Chapter 3
HAL FINDS A FRIEND.
On their way through the garden they met Hal. Directly they saw him his brothers and sisters rushed up and told him all about Jumbo's adventures, and about the boy who had been so kind to them. Hal was not greatly interested. He was looking pale and listless, and there were heavy, dark lines about his eyes. When they asked him eagerly if he knew who the boy could be, he shook his head and yawned, and said that he was sure he did not know.
"Come and have a game of cricket," he said, rousing himself a little. "I have got my bat here, and the ball is somewhere about. Just have a look for it, Tommy. We won't bother about stumps. This tree will do quite well for the wicket."
"All right," Drusie said, delighted to find that Hal was willing to be friends again. "I should love a game; but we must put Jumbo and the other rabbits away first.--Come along, Jim and Helen."
She and Jim ran off at once, but Helen followed more slowly. She had a shrewd suspicion that Hal merely wanted them to bowl and field for him, and that he did not intend to allow them to bat. And she did not see the fun of running about in the hot sun after his balls, if she was not going to have any of the batting.

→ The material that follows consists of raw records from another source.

lemma sign_comb_inject:
  assumes "\<sigma> \<in> sign_vecs d" "L \<noteq> 0" "sign_comb d \<epsilon> \<gamma> L \<sigma> \<alpha> = sign_comb d \<epsilon> \<gamma> L \<sigma> \<beta>"
  shows "\<forall>k\<in>{1..d}. \<alpha> k = \<beta> k"
proof -
  have "sign_comb d \<epsilon> \<gamma> L \<sigma> (\<lambda>k. \<alpha> k - \<beta> k) = (\<lambda>_. 0)"
    using fun_cong[OF assms(3)] by (auto simp: sign_comb_def left_diff_distrib sum_subtractf)
  from sign_comb_eq_zero_imp_zero[OF assms(1,2) this] show ?thesis by simp
qed


lemma convex_comb_on_facet_unique:
  assumes \<sigma>: "\<sigma> \<in> sign_vecs d" and \<delta>L: "\<delta> * L = 1"
    and nonneg: "\<forall>ks\<in>w_index d. 0 \<le> a ks" and sum: "(\<Sum>ks\<in>w_index d. a ks) = 1"
    and facet: "inner_d d (stretch d \<delta> (gol_vertex \<epsilon> \<gamma> \<sigma>)) (w_comb d \<epsilon> \<gamma> L a) = 1"
    and comb: "w_comb d \<epsilon> \<gamma> L a = sign_comb d \<epsilon> \<gamma> L \<sigma> \<alpha>"
    and ks: "(k, s) \<in> w_index d"
  shows "a (k, s) = (if s = \<sigma> k then \<alpha> k else 0)"
proof -
  have k: "k \<in> {1..d}" and "s = \<sigma> k \<or> s = - \<sigma> k"
    using ks sign_vecsD[OF \<sigma>, of k] by (auto simp: w_index_iff)
  moreover have "a (k, - \<sigma> k) = 0" using convex_comb_vanishes_off_sign[OF assms(1-5) k] .
  moreover have "L \<noteq> 0" using \<delta>L by auto
  then have "a (k, \<sigma> k) = \<alpha> k"
    using sign_comb_inject[OF \<sigma>] convex_comb_on_facet_eq_sign_comb(1)[OF assms(1-5)] comb k by metis
  ultimately show ?thesis by (metis neg_equal_zero)
qed
end

theorem lemma5:
  fixes d :: nat and \<epsilon> \<gamma> L \<delta> :: real and \<sigma> :: "nat \<Rightarrow> int" and p :: "nat \<Rightarrow> real"
  assumes "d \<ge> 2"
    and "0 < 4 * \<gamma>" and "4 * \<gamma> < \<epsilon>" and "\<epsilon> < 1 / 2"
    and "L > 0" and "\<delta> = 1 / L"
    and "\<sigma> \<in> sign_vecs d"
    and "p \<in> gol_dual_L d \<epsilon> \<gamma> L"
    and "inner_d d (stretch d \<delta> (gol_vertex \<epsilon> \<gamma> \<sigma>)) p = 1"
    and "\<forall>\<tau>\<in>sign_vecs d. (\<exists>k\<in>{1..d}. \<tau> k \<noteq> \<sigma> k) \<longrightarrow>
           inner_d d (stretch d \<delta> (gol_vertex \<epsilon> \<gamma> \<tau>)) p < 1"
  shows "\<exists>\<alpha> :: nat \<Rightarrow> real.
           (\<forall>k\<in>{1..d}. \<alpha> k > 0) \<and> (\<Sum>k=1..d. \<alpha> k) = 1 \<and>
           p = (\<lambda>i. \<Sum>k=1..d. \<alpha> k * stretch d L (gol_w \<epsilon> \<gamma> k (\<sigma> k)) i) \<and>
           (\<forall>a :: nat \<times> int \<Rightarrow> real.
              (\<forall>ks\<in>w_index d. a ks \<ge> 0) \<and> (\<Sum>ks\<in>w_index d. a ks) = 1 \<and>
              p = w_comb d \<epsilon> \<gamma> L a
              \<longrightarrow> (\<forall>(k, s)\<in>w_index d. a (k, s) = (if s = \<sigma> k then \<alpha> k else 0)))"
proof -
  interpret goldfarb_params \<epsilon> \<gamma> using assms(2-4) by unfold_locales
  have \<delta>L: "\<delta> * L = 1" using assms(5,6) by simp
  obtain a where a: "\<forall>ks\<in>w_index d. 0 \<le> a ks" "(\<Sum>ks\<in>w_index d. a ks) = 1" "p = w_comb d \<epsilon> \<gamma> L a"
    using assms(8) unfolding gol_dual_L_def by blast
  define \<alpha> where "\<alpha> k = a (k, \<sigma> k)" for k
  have p: "p = sign_comb d \<epsilon> \<gamma> L \<sigma> \<alpha>" and sum: "(\<Sum>k=1..d. \<alpha> k) = 1"
    using convex_comb_on_facet_eq_sign_comb[OF assms(7) \<delta>L a(1,2)] a(3) assms(9)
    unfolding \<alpha>_def by simp_all
  have pos: "0 < \<alpha> j" if j: "j \<in> {1..d}" for j
  proof (rule sign_comb_coeff_pos[OF assms(7) \<delta>L _ sum, folded p])
    show "0 \<le> \<alpha> j" using a(1) sign_pairs_in_w_index[OF assms(7) j] unfolding \<alpha>_def by blast
    have "(\<sigma>(j := - \<sigma> j)) j \<noteq> \<sigma> j" using sign_vecsD[OF assms(7) j] by auto
    then show "inner_d d (stretch d \<delta> (gol_vertex \<epsilon> \<gamma> (\<sigma>(j := - \<sigma> j)))) p < 1"
      using assms(10) flip_in_sign_vecs[OF assms(7)] j by blast
  qed
  have unique: "b (k, s) = (if s = \<sigma> k then \<alpha> k else 0)"
    if "\<forall>ks\<in>w_index d. 0 \<le> b ks" "(\<Sum>ks\<in>w_index d. b ks) = 1" "p = w_comb d \<epsilon> \<gamma> L b"
      and "(k, s) \<in> w_index d" for b k s
    using convex_comb_on_facet_unique[OF assms(7) \<delta>L] that p assms(9) by simp
  show ?thesis
    using pos sum p unique unfolding sign_comb_def by blast
qed

end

But Drusie and Jim were too excited at the prospect of a game to listen to her words of warning, and as soon as the rabbits had been hastily bundled into their hutches they raced back to the tree where Hal was waiting for them.
"You shall bowl first, Jim," he said.--"Drusie, you can stand behind the tree and be wicket-keeper, for, unless Jim has improved wonderfully since I went away, most of his balls will be fearful wides.--Helen, you go over there, and mind to throw the balls up sharp."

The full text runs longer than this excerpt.